lemma u0_recursion:
  fixes M :: "'k::finite \<Rightarrow> 'l::finite \<Rightarrow> 'a::finite \<Rightarrow> 'b::finite \<Rightarrow> real"
  assumes T: "T \<ge> 1" and p: "\<forall>k. p k > 0"
  shows "u0 T M p x l =
      (INF \<tau>\<in>{d. is_dist d}. \<Sum>b\<in>UNIV.
         ((\<Sum>k\<in>UNIV. \<Sum>a\<in>UNIV. x k [] [] a * M k l a b) + (\<Sum>a\<in>UNIV. u_ab T M p x l [] [] a b)) * \<tau> b)"
proof -
  obtain n where n: "T = Suc n"
    using T by (cases T) auto
  have "p k * sigma_of p x k [] [] a = x k [] [] a" for k a
    using p[rule_format, of k] by (simp add: sigma_of_def)
  then show ?thesis
    unfolding u0_def u_ab_def n list.size(3) diff_Suc_Suc diff_zero
    by (rule INF_weighted_fut_Suc)
qed

lemma w0_recursion:
  fixes M :: "'k::finite \<Rightarrow> 'l::finite \<Rightarrow> 'a::finite \<Rightarrow> 'b::finite \<Rightarrow> real"
  assumes T: "T \<ge> 1" and q: "\<forall>l. q l > 0"
  shows "w0 T M q y k =
      (SUP \<sigma>\<in>{d. is_dist d}. \<Sum>a\<in>UNIV. \<sigma> a *
         ((\<Sum>l\<in>UNIV. \<Sum>b\<in>UNIV. M k l a b * y l [] [] b) + (\<Sum>b\<in>UNIV. w_ab T M q y k [] [] a b)))"
proof -
  obtain n where n: "T = Suc n"
    using T by (cases T) auto
  have "q l * tau_of q y l [] [] b = y l [] [] b" for l b
    using q[rule_format, of l] by (simp add: tau_of_def)
  then show ?thesis
    unfolding w0_def w_ab_def n list.size(3) diff_Suc_Suc diff_zero
    by (rule SUP_weighted_fut_Suc)
qed

lemma u_ab_recursion:
  fixes M :: "'k::finite \<Rightarrow> 'l::finite \<Rightarrow> 'a::finite \<Rightarrow> 'b::finite \<Rightarrow> real"
  assumes x: "real_plan1 T p x" and len: "length hA = length hB" "length hA + 2 \<le> T"
  shows "u_ab T M p x l hA hB a b =
      (INF \<tau>\<in>{d. is_dist d}. \<Sum>b'\<in>UNIV.
         ((\<Sum>k\<in>UNIV. \<Sum>a'\<in>UNIV. x k (hA @ [a]) (hB @ [b]) a' * M k l a' b')
          + (\<Sum>a'\<in>UNIV. u_ab T M p x l (hA @ [a]) (hB @ [b]) a' b')) * \<tau> b')"
proof -
  define n where "n = T - Suc (length (hA @ [a]))"
  have n: "T - Suc (length hA) = Suc n"
    using len by (simp add: n_def)
  show ?thesis
    unfolding u_ab_def n n_def[symmetric]
    by (rule INF_weighted_fut_Suc) (rule real_plan1_times_sigma_of[OF x len])
qed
........
Work required – Reproduce exactly, please, only the lines from the start of the data above to the line that contains "unfolding u_ab_def n n_def[symmetric]", with both ends kept.

Answer box –
lemma u0_recursion:
  fixes M :: "'k::finite \<Rightarrow> 'l::finite \<Rightarrow> 'a::finite \<Rightarrow> 'b::finite \<Rightarrow> real"
  assumes T: "T \<ge> 1" and p: "\<forall>k. p k > 0"
  shows "u0 T M p x l =
      (INF \<tau>\<in>{d. is_dist d}. \<Sum>b\<in>UNIV.
         ((\<Sum>k\<in>UNIV. \<Sum>a\<in>UNIV. x k [] [] a * M k l a b) + (\<Sum>a\<in>UNIV. u_ab T M p x l [] [] a b)) * \<tau> b)"
proof -
  obtain n where n: "T = Suc n"
    using T by (cases T) auto
  have "p k * sigma_of p x k [] [] a = x k [] [] a" for k a
    using p[rule_format, of k] by (simp add: sigma_of_def)
  then show ?thesis
    unfolding u0_def u_ab_def n list.size(3) diff_Suc_Suc diff_zero
    by (rule INF_weighted_fut_Suc)
qed

lemma w0_recursion:
  fixes M :: "'k::finite \<Rightarrow> 'l::finite \<Rightarrow> 'a::finite \<Rightarrow> 'b::finite \<Rightarrow> real"
  assumes T: "T \<ge> 1" and q: "\<forall>l. q l > 0"
  shows "w0 T M q y k =
      (SUP \<sigma>\<in>{d. is_dist d}. \<Sum>a\<in>UNIV. \<sigma> a *
         ((\<Sum>l\<in>UNIV. \<Sum>b\<in>UNIV. M k l a b * y l [] [] b) + (\<Sum>b\<in>UNIV. w_ab T M q y k [] [] a b)))"
proof -
  obtain n where n: "T = Suc n"
    using T by (cases T) auto
  have "q l * tau_of q y l [] [] b = y l [] [] b" for l b
    using q[rule_format, of l] by (simp add: tau_of_def)
  then show ?thesis
    unfolding w0_def w_ab_def n list.size(3) diff_Suc_Suc diff_zero
    by (rule SUP_weighted_fut_Suc)
qed

lemma u_ab_recursion:
  fixes M :: "'k::finite \<Rightarrow> 'l::finite \<Rightarrow> 'a::finite \<Rightarrow> 'b::finite \<Rightarrow> real"
  assumes x: "real_plan1 T p x" and len: "length hA = length hB" "length hA + 2 \<le> T"
  shows "u_ab T M p x l hA hB a b =
      (INF \<tau>\<in>{d. is_dist d}. \<Sum>b'\<in>UNIV.
         ((\<Sum>k\<in>UNIV. \<Sum>a'\<in>UNIV. x k (hA @ [a]) (hB @ [b]) a' * M k l a' b')
          + (\<Sum>a'\<in>UNIV. u_ab T M p x l (hA @ [a]) (hB @ [b]) a' b')) * \<tau> b')"
proof -
  define n where "n = T - Suc (length (hA @ [a]))"
  have n: "T - Suc (length hA) = Suc n"
    using len by (simp add: n_def)
  show ?thesis
    unfolding u_ab_def n n_def[symmetric]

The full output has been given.